Output, without any change, the listing below from its opening line up to and including the line with "locale nonattacking_filling = basement_perm +".
☆ ☆ ☆ ☆ ☆
lemma image_ent_basement: "ent \<sigma> ` {1..length \<alpha>} = {1..length \<alpha>}"
proof -
  have "ent \<sigma> ` {1..length \<sigma>} = set \<sigma>"
  proof
    show "ent \<sigma> ` {1..length \<sigma>} \<subseteq> set \<sigma>" by (auto simp: ent_def)
    show "set \<sigma> \<subseteq> ent \<sigma> ` {1..length \<sigma>}"
    proof
      fix v assume "v \<in> set \<sigma>"
      then obtain j where "j < length \<sigma>" "v = \<sigma> ! j" by (auto simp: in_set_conv_nth)
      then show "v \<in> ent \<sigma> ` {1..length \<sigma>}"
        by (intro image_eqI[of _ _ "Suc j"]) (auto simp: ent_def)
    qed
  qed
  then show ?thesis using set_basement length_basement by simp
qed

lemma lookup_mon_exp_ent:
  assumes "length \<gamma> = length \<alpha>" and "i \<in> {1..length \<alpha>}"
  shows "Poly_Mapping.lookup (mon_exp \<sigma> \<gamma>) (ent \<sigma> i) = ent \<gamma> i"
proof -
  have "(\<gamma> ! j when \<sigma> ! j = ent \<sigma> i) = (if j = i - 1 then \<gamma> ! j else 0)"
    if "j < length \<gamma>" for j
    using that nth_eq_iff_index_eq[OF distinct_basement] length_basement assms
    by (auto simp: ent_def when_def)
  then have "Poly_Mapping.lookup (mon_exp \<sigma> \<gamma>) (ent \<sigma> i) = (\<Sum>j<length \<gamma>. if j = i - 1 then \<gamma> ! j else 0)"
    unfolding mon_exp_def lookup_sum lookup_single by (auto intro!: sum.cong)
  also have "\<dots> = ent \<gamma> i" using assms by (simp add: ent_def; linarith)
  finally show ?thesis .
qed

lemma lookup_mon_exp_eq_0:
  assumes "length \<gamma> = length \<alpha>" and "v \<notin> {1..length \<alpha>}"
  shows "Poly_Mapping.lookup (mon_exp \<sigma> \<gamma>) v = 0"
proof -
  have "\<sigma> ! j \<noteq> v" if "j < length \<gamma>" for j
    using that assms nth_mem[of j \<sigma>] set_basement length_basement by auto
  then show ?thesis unfolding mon_exp_def lookup_sum lookup_single by (simp add: when_def)
qed

end

locale nonattacking_filling = basement_perm +
  fixes F :: "nat \<times> nat \<Rightarrow> nat"
  assumes NAF: "F \<in> NAF \<sigma> \<alpha>"
begin

lemma filling_outside: "u \<notin> boxes \<alpha> \<Longrightarrow> F u = 0"
  using NAF unfolding NAF_def by blast

lemma filling_basement: "r \<in> {1..length \<alpha>} \<Longrightarrow> F (r, 0) = ent \<sigma> r"
  using NAF unfolding NAF_def by auto

lemma filling_column_inj:
  "(r, c) \<in> boxes \<alpha> \<Longrightarrow> (r', c) \<in> boxes \<alpha> \<Longrightarrow> F (r, c) = F (r', c) \<Longrightarrow> r = r'"
  using NAF unfolding NAF_def non_attacking_def by blast

lemma filling_adjacent_le:
  assumes "(r, c) \<in> boxes \<alpha>" and "(r', Suc c) \<in> boxes \<alpha>" and "F (r, c) = F (r', Suc c)"
  shows "r' \<le> r"
proof (rule ccontr)
  assume "\<not> r' \<le> r"
  with assms NAF show False unfolding NAF_def non_attacking_def by (simp add: not_le)
qed

definition occ_beyond :: "nat \<Rightarrow> nat \<Rightarrow> (nat \<times> nat) set" where
  "occ_beyond v x = {u \<in> nonbasement \<alpha>. F u = v \<and> x < snd u}"

lemma finite_occ_beyond [simp]: "finite (occ_beyond v x)"
  unfolding occ_beyond_def by simp

lemma card_occ_beyond_ge:
  "card {u \<in> nonbasement \<alpha>. F u = v} - x \<le> card (occ_beyond v x)"
proof -
  let ?near = "{u \<in> nonbasement \<alpha>. F u = v \<and> snd u \<le> x}"
  have "{u \<in> nonbasement \<alpha>. F u = v} = ?near \<union> occ_beyond v x"
    unfolding occ_beyond_def by auto
  then have "card {u \<in> nonbasement \<alpha>. F u = v} \<le> card ?near + card (occ_beyond v x)"
    using card_Un_le[of ?near "occ_beyond v x"] by simp
  moreover have "card ?near \<le> card {1..x}"
  proof (rule card_inj_on_le)
    show "inj_on snd ?near"
    proof (rule inj_onI)
      fix u u' assume "u \<in> ?near" "u' \<in> ?near" "snd u = snd u'"
      moreover obtain r c r' c' where "u = (r, c)" "u' = (r', c')" by fastforce
      ultimately show "u = u'"
        using filling_column_inj[of r c r'] nonbasement_subset_boxes by auto
    qed
    show "snd ` ?near \<subseteq> {1..x}" unfolding nonbasement_def by auto
  qed simp
  ultimately show ?thesis by simp
qed

lemma sum_card_occ_beyond_le:
  assumes "I \<subseteq> {1..length \<alpha>}" and "finite B" and "\<forall>i\<in>I. occ_beyond (ent \<sigma> i) x \<subseteq> B"
  shows "(\<Sum>i\<in>I. card (occ_beyond (ent \<sigma> i) x)) \<le> card B"
proof -
  have "finite I" using assms(1) finite_subset by blast
  moreover have "inj_on (ent \<sigma>) I" using inj_on_ent_basement assms(1) by (rule inj_on_subset)
  ultimately have "card (\<Union>i\<in>I. occ_beyond (ent \<sigma> i) x) = (\<Sum>i\<in>I. card (occ_beyond (ent \<sigma> i) x))"
    by (intro card_UN_disjoint) (auto simp: occ_beyond_def inj_on_eq_iff)
  moreover have "card (\<Union>i\<in>I. occ_beyond (ent \<sigma> i) x) \<le> card B"
    using assms(2,3) by (intro card_mono) auto
  ultimately show ?thesis by simp
qed

lemma sum_card_occ_beyond_le_excess:
  "(\<Sum>i\<in>{1..length \<alpha>}. card (occ_beyond (ent \<sigma> i) x)) \<le> excess \<alpha> x"
proof -
  let ?N = "{1..length \<alpha>}"
  have "(\<Sum>i\<in>?N. card (occ_beyond (ent \<sigma> i) x)) \<le> card {u \<in> nonbasement \<alpha>. fst u \<in> ?N \<and> x < snd u}"
  proof (rule sum_card_occ_beyond_le)
    show "\<forall>i\<in>?N. occ_beyond (ent \<sigma> i) x \<subseteq> {u \<in> nonbasement \<alpha>. fst u \<in> ?N \<and> x < snd u}"
      by (auto simp: occ_beyond_def nonbasement_def)
  next
    show "finite {u \<in> nonbasement \<alpha>. fst u \<in> ?N \<and> x < snd u}" by simp
  qed simp
  also have "\<dots> = excess \<alpha> x" using card_nonbasement_beyond[of ?N] excess_eq_sum_ent by simp
  finally show ?thesis .
qed

end

definition basic_filling :: "nat list \<Rightarrow> nat list \<Rightarrow> nat \<times> nat \<Rightarrow> nat" where
  "basic_filling \<sigma> \<alpha> u = (if u \<in> boxes \<alpha> then ent \<sigma> (fst u) else 0)"

locale filling_of_content = nonattacking_filling +
  fixes \<gamma> :: "nat list"
  assumes length_content: "length \<gamma> = length \<alpha>" and xexp_filling: "xexp \<alpha> F = mon_exp \<sigma> \<gamma>"
begin

lemma card_occurrences:
  "i \<in> {1..length \<alpha>} \<Longrightarrow> card {u \<in> nonbasement \<alpha>. F u = ent \<sigma> i} = ent \<gamma> i"
  using lookup_xexp[of \<alpha> F "ent \<sigma> i"] lookup_mon_exp_ent[OF length_content] xexp_filling by simp

lemma card_occ_beyond_content_ge:
  "i \<in> {1..length \<alpha>} \<Longrightarrow> ent \<gamma> i - x \<le> card (occ_beyond (ent \<sigma> i) x)"
  using card_occ_beyond_ge[of "ent \<sigma> i" x] by (simp add: card_occurrences)

lemma excess_content_le: "excess \<gamma> x \<le> excess \<alpha> x"
proof -
  have "excess \<gamma> x = (\<Sum>i\<in>{1..length \<alpha>}. ent \<gamma> i - x)"
    using excess_eq_sum_ent length_content by simp
  also have "\<dots> \<le> (\<Sum>i\<in>{1..length \<alpha>}. card (occ_beyond (ent \<sigma> i) x))"
    using card_occ_beyond_content_ge by (rule sum_mono)
  also have "\<dots> \<le> excess \<alpha> x" by (rule sum_card_occ_beyond_le_excess)
  finally show ?thesis .
qed

lemma not_lex_gt_sortp: "\<not> lex_gt (sortp \<gamma>) (sortp \<alpha>)"
proof
  assume "lex_gt (sortp \<gamma>) (sortp \<alpha>)"
  moreover have "length (sortp \<gamma>) = length (sortp \<alpha>)" "sorted (rev (sortp \<alpha>))"
    using length_content by (simp_all add: sortp_def)
  ultimately obtain x where "excess (sortp \<alpha>) x < excess (sortp \<gamma>) x"
    using excess_less_if_lex_gt_sorted by blast
  then show False using excess_content_le[of x] by (simp add: excess_sortp)
qed

context
  assumes same_parts: "mset \<gamma> = mset \<alpha>"
begin

lemma card_occ_beyond_eq:
  assumes "i \<in> {1..length \<alpha>}"
  shows "card (occ_beyond (ent \<sigma> i) x) = ent \<gamma> i - x"
proof -
  let ?N = "{1..length \<alpha>}"
  have "(\<Sum>i\<in>?N. card (occ_beyond (ent \<sigma> i) x)) \<le> excess \<gamma> x"
    using sum_card_occ_beyond_le_excess excess_mset_cong[OF same_parts] by simp
  also have "\<dots> = (\<Sum>i\<in>?N. ent \<gamma> i - x)" using excess_eq_sum_ent length_content by simp
  finally have le: "(\<Sum>i\<in>?N. card (occ_beyond (ent \<sigma> i) x)) \<le> (\<Sum>i\<in>?N. ent \<gamma> i - x)" .
  have "(\<Sum>i\<in>?N. ent \<gamma> i - x) \<le> (\<Sum>i\<in>?N. card (occ_beyond (ent \<sigma> i) x))"
    using card_occ_beyond_content_ge by (rule sum_mono)
  with le have "(\<Sum>i\<in>?N. ent \<gamma> i - x) = (\<Sum>i\<in>?N. card (occ_beyond (ent \<sigma> i) x))"
    by (rule antisym[rotated])
  from sum_mono_inv[OF this card_occ_beyond_content_ge assms] show ?thesis by simp
qed

lemma occurs_in_column_iff:
  assumes i: "i \<in> {1..length \<alpha>}" and c: "1 \<le> c"
  shows "(\<exists>r. (r, c) \<in> nonbasement \<alpha> \<and> F (r, c) = ent \<sigma> i) \<longleftrightarrow> c \<le> ent \<gamma> i"
proof -
  let ?E = "{u \<in> nonbasement \<alpha>. F u = ent \<sigma> i \<and> snd u = c}"
  have "occ_beyond (ent \<sigma> i) (c - 1) = occ_beyond (ent \<sigma> i) c \<union> ?E"
    and "occ_beyond (ent \<sigma> i) c \<inter> ?E = {}"
    using c unfolding occ_beyond_def by auto
  then have "card (occ_beyond (ent \<sigma> i) (c - 1)) = card (occ_beyond (ent \<sigma> i) c) + card ?E"
    by (simp add: card_Un_disjoint)
  then have "card ?E = (ent \<gamma> i - (c - 1)) - (ent \<gamma> i - c)"
    unfolding card_occ_beyond_eq[OF i] by simp
  then have "card ?E \<noteq> 0 \<longleftrightarrow> c \<le> ent \<gamma> i"
    using c by arith
  then show ?thesis by (force simp: card_eq_0_iff)
qed

text \<open>An occurrence of \<open>\<sigma>\<^sub>i\<close> in column \<open>c + 1\<close> lies weakly above the one in column \<open>c\<close>,
  which exists by the previous lemma; induction on \<open>c\<close> starts at the basement box \<open>(i, 0)\<close>.\<close>
lemma occurs_in_row_le:
  assumes i: "i \<in> {1..length \<alpha>}"
  shows "(r, c) \<in> boxes \<alpha> \<Longrightarrow> F (r, c) = ent \<sigma> i \<Longrightarrow> r \<le> i"
proof (induction c arbitrary: r)
  case 0
  then have r: "r \<in> {1..length \<alpha>}" unfolding boxes_def by auto
  then have "ent \<sigma> r = ent \<sigma> i" using filling_basement 0(2) by simp
  then show ?case using inj_onD[OF inj_on_ent_basement _ r i] by simp
next
  case (Suc c)
  then have "(r, Suc c) \<in> nonbasement \<alpha>" unfolding boxes_def nonbasement_def by auto
  then have "Suc c \<le> ent \<gamma> i"
    using occurs_in_column_iff[OF i, of "Suc c"] Suc.prems(2) by auto
  obtain r0 where r0: "(r0, c) \<in> boxes \<alpha>" "F (r0, c) = ent \<sigma> i"
  proof (cases "c = 0")
    case True
    then show ?thesis
      using that[of i] i filling_basement[OF i] unfolding boxes_def by simp
  next
    case False
    then obtain r0 where "(r0, c) \<in> nonbasement \<alpha>" "F (r0, c) = ent \<sigma> i"
      using occurs_in_column_iff[OF i, of c] \<open>Suc c \<le> ent \<gamma> i\<close> by auto
    then show ?thesis using that nonbasement_subset_boxes by blast
  qed
  have "r \<le> r0" using filling_adjacent_le[OF r0(1) Suc.prems(1)] r0(2) Suc.prems(2) by simp
  also have "r0 \<le> i" using Suc.IH r0 by blast
  finally show ?case .
qed

lemma sum_initial_content_le:
  assumes k: "k \<le> length \<alpha>"
  shows "(\<Sum>i\<in>{1..k}. ent \<gamma> i - x) \<le> (\<Sum>i\<in>{1..k}. ent \<alpha> i - x)"
proof -
  let ?R = "{1..k}"
  have R: "?R \<subseteq> {1..length \<alpha>}" using k by auto
  have "(\<Sum>i\<in>?R. ent \<gamma> i - x) = (\<Sum>i\<in>?R. card (occ_beyond (ent \<sigma> i) x))"
    using R card_occ_beyond_eq by (intro sum.cong) auto
  also have "\<dots> \<le> card {u \<in> nonbasement \<alpha>. fst u \<in> ?R \<and> x < snd u}"
  proof (rule sum_card_occ_beyond_le[OF R])
    show "\<forall>i\<in>?R. occ_beyond (ent \<sigma> i) x \<subseteq> {u \<in> nonbasement \<alpha>. fst u \<in> ?R \<and> x < snd u}"
    proof (intro ballI subsetI)
      fix i u assume i: "i \<in> ?R" and "u \<in> occ_beyond (ent \<sigma> i) x"
      moreover obtain r c where u: "u = (r, c)" by fastforce
      ultimately have rc: "(r, c) \<in> nonbasement \<alpha>" "F (r, c) = ent \<sigma> i" "x < c"
        unfolding occ_beyond_def by auto
      then have "r \<le> i" using occurs_in_row_le[of i r c] i R nonbasement_subset_boxes by auto
      with rc i show "u \<in> {u \<in> nonbasement \<alpha>. fst u \<in> ?R \<and> x < snd u}"
        unfolding u nonbasement_def by auto
    qed
  next
    show "finite {u \<in> nonbasement \<alpha>. fst u \<in> ?R \<and> x < snd u}" by simp
  qed
  also have "\<dots> = (\<Sum>i\<in>?R. ent \<alpha> i - x)" using card_nonbasement_beyond[OF R] .
  finally show ?thesis .
qed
☆ ☆ ☆ ☆ ☆
Reply =
lemma image_ent_basement: "ent \<sigma> ` {1..length \<alpha>} = {1..length \<alpha>}"
proof -
  have "ent \<sigma> ` {1..length \<sigma>} = set \<sigma>"
  proof
    show "ent \<sigma> ` {1..length \<sigma>} \<subseteq> set \<sigma>" by (auto simp: ent_def)
    show "set \<sigma> \<subseteq> ent \<sigma> ` {1..length \<sigma>}"
    proof
      fix v assume "v \<in> set \<sigma>"
      then obtain j where "j < length \<sigma>" "v = \<sigma> ! j" by (auto simp: in_set_conv_nth)
      then show "v \<in> ent \<sigma> ` {1..length \<sigma>}"
        by (intro image_eqI[of _ _ "Suc j"]) (auto simp: ent_def)
    qed
  qed
  then show ?thesis using set_basement length_basement by simp
qed

lemma lookup_mon_exp_ent:
  assumes "length \<gamma> = length \<alpha>" and "i \<in> {1..length \<alpha>}"
  shows "Poly_Mapping.lookup (mon_exp \<sigma> \<gamma>) (ent \<sigma> i) = ent \<gamma> i"
proof -
  have "(\<gamma> ! j when \<sigma> ! j = ent \<sigma> i) = (if j = i - 1 then \<gamma> ! j else 0)"
    if "j < length \<gamma>" for j
    using that nth_eq_iff_index_eq[OF distinct_basement] length_basement assms
    by (auto simp: ent_def when_def)
  then have "Poly_Mapping.lookup (mon_exp \<sigma> \<gamma>) (ent \<sigma> i) = (\<Sum>j<length \<gamma>. if j = i - 1 then \<gamma> ! j else 0)"
    unfolding mon_exp_def lookup_sum lookup_single by (auto intro!: sum.cong)
  also have "\<dots> = ent \<gamma> i" using assms by (simp add: ent_def; linarith)
  finally show ?thesis .
qed

lemma lookup_mon_exp_eq_0:
  assumes "length \<gamma> = length \<alpha>" and "v \<notin> {1..length \<alpha>}"
  shows "Poly_Mapping.lookup (mon_exp \<sigma> \<gamma>) v = 0"
proof -
  have "\<sigma> ! j \<noteq> v" if "j < length \<gamma>" for j
    using that assms nth_mem[of j \<sigma>] set_basement length_basement by auto
  then show ?thesis unfolding mon_exp_def lookup_sum lookup_single by (simp add: when_def)
qed

end

locale nonattacking_filling = basement_perm +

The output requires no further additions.